= DATASET =
****************************************

theorem mainTheorem16:
  fixes NG MG NH MH :: nat and cG cH :: "nat \<Rightarrow> nat \<Rightarrow> int \<Rightarrow> real"
  defines "g \<equiv> evalP NG MG cG phi phi'"
      and "h \<equiv> evalP NH MH cH phi phi'"
  assumes "\<forall>n::int. n \<le> 0 \<longrightarrow> fls_nth g n = 0"
      and "\<forall>n::int. n \<le> 0 \<longrightarrow> fls_nth h n = 0"
  shows "\<forall>p. der g (der h p) - der h (der g p)
            = der (evalP_a NH MH cH phi phi' * g - evalP_a NG MG cG phi phi' * h
                   + evalP_b NH MH cH phi phi' * fls_deriv g
                   - evalP_b NG MG cG phi phi' * fls_deriv h) p"
proof -
  have "der_fls g h = evalP_a NH MH cH phi phi' * g + evalP_b NH MH cH phi phi' * fls_deriv g"
    unfolding h_def der_fls_evalP der_fls_phi[OF assms(3)] der_fls_phi'[OF assms(3)] ..
  moreover have "der_fls h g = evalP_a NG MG cG phi phi' * h + evalP_b NG MG cG phi phi' * fls_deriv h"
    unfolding g_def der_fls_evalP der_fls_phi[OF assms(4)] der_fls_phi'[OF assms(4)] ..
  ultimately show ?thesis
    by (simp add: der_commutator algebra_simps)
qed

end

****************************************

= YOUR TASK =
Reproduce the entries above in full, so that each one reads exactly as before.

= RESPONSE TO THE EXERCISE =
theorem mainTheorem16:
  fixes NG MG NH MH :: nat and cG cH :: "nat \<Rightarrow> nat \<Rightarrow> int \<Rightarrow> real"
  defines "g \<equiv> evalP NG MG cG phi phi'"
      and "h \<equiv> evalP NH MH cH phi phi'"
  assumes "\<forall>n::int. n \<le> 0 \<longrightarrow> fls_nth g n = 0"
      and "\<forall>n::int. n \<le> 0 \<longrightarrow> fls_nth h n = 0"
  shows "\<forall>p. der g (der h p) - der h (der g p)
            = der (evalP_a NH MH cH phi phi' * g - evalP_a NG MG cG phi phi' * h
                   + evalP_b NH MH cH phi phi' * fls_deriv g
                   - evalP_b NG MG cG phi phi' * fls_deriv h) p"
proof -
  have "der_fls g h = evalP_a NH MH cH phi phi' * g + evalP_b NH MH cH phi phi' * fls_deriv g"
    unfolding h_def der_fls_evalP der_fls_phi[OF assms(3)] der_fls_phi'[OF assms(3)] ..
  moreover have "der_fls h g = evalP_a NG MG cG phi phi' * h + evalP_b NG MG cG phi phi' * fls_deriv h"
    unfolding g_def der_fls_evalP der_fls_phi[OF assms(4)] der_fls_phi'[OF assms(4)] ..
  ultimately show ?thesis
    by (simp add: der_commutator algebra_simps)
qed

end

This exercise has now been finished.